Capacitive touch sensors may be used to replace mechanical buttons, knobs and other similar mechanical user interface controls. The use of a capacitive sensor allows for the elimination of complicated mechanical switches and buttons, providing reliable operation under harsh conditions. In addition, capacitive sensors are widely used in modern customer applications, providing new user interface options in existing products. Capacitive touch sensors can be arranged in the form of a sensor array for a touch-sensing surface. When a conductive object, such as a finger, comes in contact or close proximity with the touch-sensing surface, the capacitance of one or more capacitive touch sensors changes. The capacitance changes of the capacitive touch sensors can be measured by an electrical circuit. The electrical circuit converts the measured capacitances of the capacitive touch sensors into digital values.
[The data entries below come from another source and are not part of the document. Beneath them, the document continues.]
lemma eigvec_shift:
  assumes "mat_vec (carrier H) M v = (\<lambda>i. c * v i)" and "j \<in> carrier H"
  shows "c * v (h \<otimes> j) = mu (h \<otimes> j) * v j"
proof -
  have "c * v (h \<otimes> j) = mat_vec (carrier H) M v (h \<otimes> j)" using assms(1) by metis
  also have "\<dots> = mu (h \<otimes> j) * v j"
    using assms(2) h_closed by (simp add: mat_vec_eq m_assoc[symmetric])
  finally show ?thesis .
qed

lemma eigvec_shift_pow:
  assumes "mat_vec (carrier H) M v = (\<lambda>i. c * v i)"
  shows "c ^ m * v (h [^] m) = (\<Prod>t<m. mu (h [^] Suc t)) * v \<one>"
proof (induction m)
  case (Suc m)
  have "c ^ Suc m * v (h [^] Suc m) = mu (h [^] Suc m) * (c ^ m * v (h [^] m))"
    using eigvec_shift[OF assms nat_pow_closed[OF h_closed]]
    by (simp only: nat_pow_Suc2[OF h_closed]) (simp add: algebra_simps)
  then show ?case using Suc.IH by (simp add: algebra_simps)
qed simp

lemma eigval_nonzero:
  assumes "v \<in> eigvecs (carrier H) M" and "mat_vec (carrier H) M v = (\<lambda>i. c * v i)"
  shows "c \<noteq> 0"
proof
  assume "c = 0"
  have "v j = 0" for j
  proof (cases "j \<in> carrier H")
    case True
    then show ?thesis
      using eigvec_shift[OF assms(2) True] \<open>c = 0\<close> mu_nonzero[of "h \<otimes> j"] h_closed by simp
  next
    case False
    then show ?thesis using assms(1) by (simp add: eigvecs_def vecs_def)
  qed
  then show False using assms(1) by (auto simp: eigvecs_def)
qed

text \<open>
  The \<open>p\<close>-th power map is injective, so \<open>c\<^sup>p = \<pi>\<close> pins down the eigenvalue of every
  eigenvector not vanishing at \<open>1\<close>; this gives a relation independent of the eigenvector.
\<close>

lemma eigvecs_linear_relation:
  assumes "prime CHAR('k)" and "h [^] CHAR('k) = \<one>"
  obtains c0 where "\<forall>v\<in>eigvecs (carrier H) M. c0 * v h = mu h * v \<one>"
proof -
  define \<pi> where "\<pi> = (\<Prod>t<CHAR('k). mu (h [^] Suc t))"
  define c0 where "c0 = (SOME c. c ^ CHAR('k) = \<pi>)"
  have "\<forall>v\<in>eigvecs (carrier H) M. c0 * v h = mu h * v \<one>"
  proof
    fix v assume v: "v \<in> eigvecs (carrier H) M"
    then obtain c where ev: "mat_vec (carrier H) M v = (\<lambda>i. c * v i)"
      unfolding eigvecs_def by blast
    have rel: "c * v h = mu h * v \<one>" using eigvec_shift[OF ev, of \<one>] h_closed by simp
    show "c0 * v h = mu h * v \<one>"
    proof (cases "v \<one> = 0")
      case True
      then show ?thesis using rel eigval_nonzero[OF v ev] by simp
    next
      case False
      have "c ^ CHAR('k) * v \<one> = \<pi> * v \<one>"
        using eigvec_shift_pow[OF ev, of "CHAR('k)"] by (simp only: assms(2) \<pi>_def)
      then have c: "c ^ CHAR('k) = \<pi>" using False by simp
      then have "c0 ^ CHAR('k) = \<pi>"
        unfolding c0_def by (rule someI)
      then have "c0 ^ CHAR('k) = c ^ CHAR('k)" using c by simp
      then have "c0 = c" by (rule power_CHAR_inj[OF assms(1)])
      then show ?thesis using rel by simp
    qed
  qed
  then show ?thesis by (rule that)
qed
A capacitive touch sensor configured to detect an input, such as proximity or contact with a finger or other object, may have a capacitance CP between the sensor element and ground when no input is present. The capacitance CP is known as the parasitic capacitance of the sensor. For capacitive sensors having multiple sense elements, a mutual capacitance CM may also be present between two or more sense elements. An input detected by the sensor may cause a change in capacitance C that is much smaller than CP or CM, Accordingly, where the sensor capacitance is represented as a digital code, the parasitic or mutual capacitances may be represented by a larger proportion of the discrete capacitance levels resolvable by the digital code, while the capacitance change CF is represented by fewer of these discrete levels. In such cases, the capacitance change CF due to an input may not be resolvable to a high degree of resolution.
A problem associated with some capacitive sensing systems is the high power dissipation associated with the switching power required to access each row and column in an X-Y capacitance sensor array. While a large number of sensor elements may increase the accuracy or resolution of detection, the increased capacitance will result in greater power requirements.